I noticed that the element-wise operations from Tensor are being removed and stumbled upon a commit message indicating that we should move to LayoutTensor. I was wondering how to best migrate to this new representation. The example in the docs
alias f32 = DType.float32
var tensor_5x4 = LayoutTensor[f32, Layout.row_major(5,4)].stack_allocation()
appears to commit to a static shape. How can the shape be specified dynamically? For example, after reading the training data from disk?
from layout.tensor_builder import LayoutTensorBuild as tb
from layout.tensor_builder import static
from layout.int_tuple import UNKNOWN_VALUE
# create 2x3 tensor, where both dimensions are dynamic
var t_2d_dynamic = tb[DType.float32]().row_major(2, 3).view(t_2d_static.ptr)
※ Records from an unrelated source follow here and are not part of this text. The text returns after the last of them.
lemma prob_ratio_le_of_weight_sum:
  assumes "weight_sum A u * (1 - 2 * lr * arrivals u r) \<le> weight_sum A r" "u \<le> r" "r \<le> u + dmax"
  shows "prob A r a \<le> 2 * prob A u a"
proof -
  have "weight_sum A u * (1/2) \<le> weight_sum A u * (1 - 2 * lr * arrivals u r)"
    using lr_arrivals_le_half[OF assms(3)] weight_sum_pos[of A u] by (intro mult_left_mono) auto
  then have Wr: "weight_sum A u / 2 \<le> weight_sum A r" using assms(1) by simp
  have "exp (- lr * est A r a) \<le> exp (- lr * est A u a)"
    using est_mono[OF assms(2)] lr_pos by (simp add: mult_left_mono)
  then have "prob A r a \<le> exp (- lr * est A u a) / weight_sum A r" unfolding prob_def using weight_sum_pos[of A r]
    by (simp add: divide_right_mono)
  also have "\<dots> \<le> exp (- lr * est A u a) / (weight_sum A u / 2)"
    using Wr weight_sum_pos[of A u] by (intro divide_left_mono) auto
  also have "\<dots> = 2 * prob A u a" unfolding prob_def by simp
  finally show ?thesis .
qed

lemma sum_prob_loss_est_le:
  assumes "\<And>a. a \<in> {1..K} \<Longrightarrow> prob A r a \<le> C * prob A u a" and C0: "C \<ge> 0"
  shows "(\<Sum>b\<in>{1..K}. prob A r b * loss_est A u b) \<le> C"
proof -
  have "prob A r b * loss_est A u b \<le> (if b = A u then C else 0)" if "b \<in> {1..K}" for b
  proof (cases "b = A u")
    case True
    have "prob A r b * loss_est A u b = prob A r b / prob A u b * l u b" using True unfolding loss_est_def by simp
    also have "\<dots> \<le> C * 1"
    proof (rule mult_mono)
      show "prob A r b / prob A u b \<le> C" using assms(1)[OF that] prob_pos[of A u b] by (simp add: divide_le_eq)
      show "0 \<le> C" by (rule C0)
    qed (use loss_range prob_pos in \<open>auto intro: less_imp_le\<close>)
    finally show ?thesis using True by simp
  qed (simp add: loss_est_def)
  then have "(\<Sum>b\<in>{1..K}. prob A r b * loss_est A u b) \<le> (\<Sum>b\<in>{1..K}. if b = A u then C else 0)"
    by (rule sum_mono)
  also have "\<dots> \<le> C"
    using C0 by (simp add: sum.delta)
  finally show ?thesis .
qed

definition arrived_est :: "(nat \<Rightarrow> nat) \<Rightarrow> nat \<Rightarrow> nat \<Rightarrow> real" where
  "arrived_est A v b = (\<Sum>u\<in>{1..<Suc v}. if admitted u \<and> u + d u = v then loss_est A u b else 0)"
definition arriving :: "nat \<Rightarrow> nat set" where
  "arriving v = {u\<in>{1..<Suc v}. admitted u \<and> u + d u = v}"

lemma est_Suc: "est A (Suc v) b = est A v b + arrived_est A v b"
proof -
  have "est A (Suc v) b = (\<Sum>s\<in>{1..<Suc v}. (if s + d s < v \<and> admitted s then loss_est A s b else 0)
          + (if admitted s \<and> s + d s = v then loss_est A s b else 0))"
    unfolding est_eq by (intro sum.cong) auto
  also have "\<dots> = (\<Sum>s\<in>{1..<Suc v}. (if s + d s < v \<and> admitted s then loss_est A s b else 0)) + arrived_est A v b"
    unfolding arrived_est_def by (rule sum.distrib)
  also have "(\<Sum>s\<in>{1..<Suc v}. (if s + d s < v \<and> admitted s then loss_est A s b else 0)) = est A v b"
    unfolding est_eq by (simp add: sum.op_ivl_Suc)
  finally show ?thesis .
qed

lemma weight_sum_Suc_ge:
  assumes rat: "\<And>u a. u \<in> arriving r \<Longrightarrow> a \<in> {1..K} \<Longrightarrow> prob A r a \<le> 2 * prob A u a"
  shows "weight_sum A r * (1 - 2 * lr * card (arriving r)) \<le> weight_sum A (Suc r)"
proof -
  have pe: "exp (- lr * est A r b) = weight_sum A r * prob A r b" for b
    unfolding prob_def using weight_sum_pos[of A r] by simp
  have "(\<Sum>b\<in>{1..K}. prob A r b * arrived_est A r b)
      = (\<Sum>u\<in>{1..<Suc r}. if admitted u \<and> u + d u = r then (\<Sum>b\<in>{1..K}. prob A r b * loss_est A u b) else 0)"
    unfolding arrived_est_def by (rule sum_mult_sum_if)
  also have "\<dots> \<le> (\<Sum>u\<in>{1..<Suc r}. if admitted u \<and> u + d u = r then 2 else 0)"
  proof -
    have "(\<Sum>b\<in>{1..K}. prob A r b * loss_est A u b) \<le> 2" if "u \<in> arriving r" for u
      by (rule sum_prob_loss_est_le) (auto intro: rat[OF that])
    then show ?thesis by (intro sum_mono) (auto simp: arriving_def)
  qed
  also have "\<dots> = 2 * card (arriving r)"
    unfolding arriving_def by (subst sum.inter_filter[symmetric]) auto
  finally have S: "(\<Sum>b\<in>{1..K}. prob A r b * arrived_est A r b) \<le> 2 * card (arriving r)" .
  have "weight_sum A r * (1 - 2 * lr * card (arriving r)) \<le> weight_sum A r * (1 - lr * (\<Sum>b\<in>{1..K}. prob A r b * arrived_est A r b))"
    using S weight_sum_pos[of A r] lr_pos by (intro mult_left_mono) (auto simp: mult_left_mono)
  also have "\<dots> = (\<Sum>b\<in>{1..K}. exp (- lr * est A r b) * (1 - lr * arrived_est A r b))"
  proof -
    have "(\<Sum>b\<in>{1..K}. weight_sum A r * prob A r b * (1 - lr * arrived_est A r b))
       = weight_sum A r * (\<Sum>b\<in>{1..K}. prob A r b) - lr * weight_sum A r * (\<Sum>b\<in>{1..K}. prob A r b * arrived_est A r b)"
      by (simp add: algebra_simps sum_subtractf sum_distrib_left)
    then show ?thesis unfolding pe sum_prob by (simp add: algebra_simps)
  qed
  also have "\<dots> \<le> (\<Sum>b\<in>{1..K}. exp (- lr * est A r b) * exp (- lr * arrived_est A r b))"
    using exp_ge_add_one_self[of "- (lr * arrived_est A r _)"] by (intro sum_mono mult_left_mono) (auto simp: less_imp_le)
  also have "\<dots> = weight_sum A (Suc r)"
    unfolding weight_sum_def est_Suc by (simp add: distrib_left exp_add[symmetric])
  finally show ?thesis .
qed

lemma arrivals_Suc: "u \<le> r \<Longrightarrow> arrivals u (Suc r) = arrivals u r + card (arriving r)"
proof -
  assume ur: "u \<le> r"
  have "{u'\<in>{1..<Suc r}. admitted u' \<and> u \<le> u' + d u' \<and> u' + d u' < Suc r}
      = {u'\<in>{1..<r}. admitted u' \<and> u \<le> u' + d u' \<and> u' + d u' < r} \<union> arriving r"
    using ur unfolding arriving_def by auto
  moreover have "{u'\<in>{1..<r}. admitted u' \<and> u \<le> u' + d u' \<and> u' + d u' < r} \<inter> arriving r = {}"
    unfolding arriving_def by auto
  ultimately show ?thesis unfolding arrivals_def
    by (simp add: card_Un_disjoint arriving_def)
qed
# create 2x3 tensor where the second dimension is known at compile time.
var t_2d_dynamic_static = tb[DType.float32]().row_major(2, static[3]()).view(t_2d_static.ptr) # first dimension is dynamic, second is static.
# custom layout
var t_dynamic = tb[DType.float32]().layout(Index(2, 3), Index(1, 2)).view(
t.ptr
)
# way too verbose but highly customizable
alias layout_t = Layout.row_major(UNKNOWN_VALUE, UNKNOWN_VALUE)
var layout = RuntimeLayout[layout_t](
RuntimeTuple[layout_t.shape, unsigned=True](8, 4),
RuntimeTuple[layout_t.stride, unsigned=True](4, 1),
)
var storage = UnsafePointer[Float32].alloc(layout.size())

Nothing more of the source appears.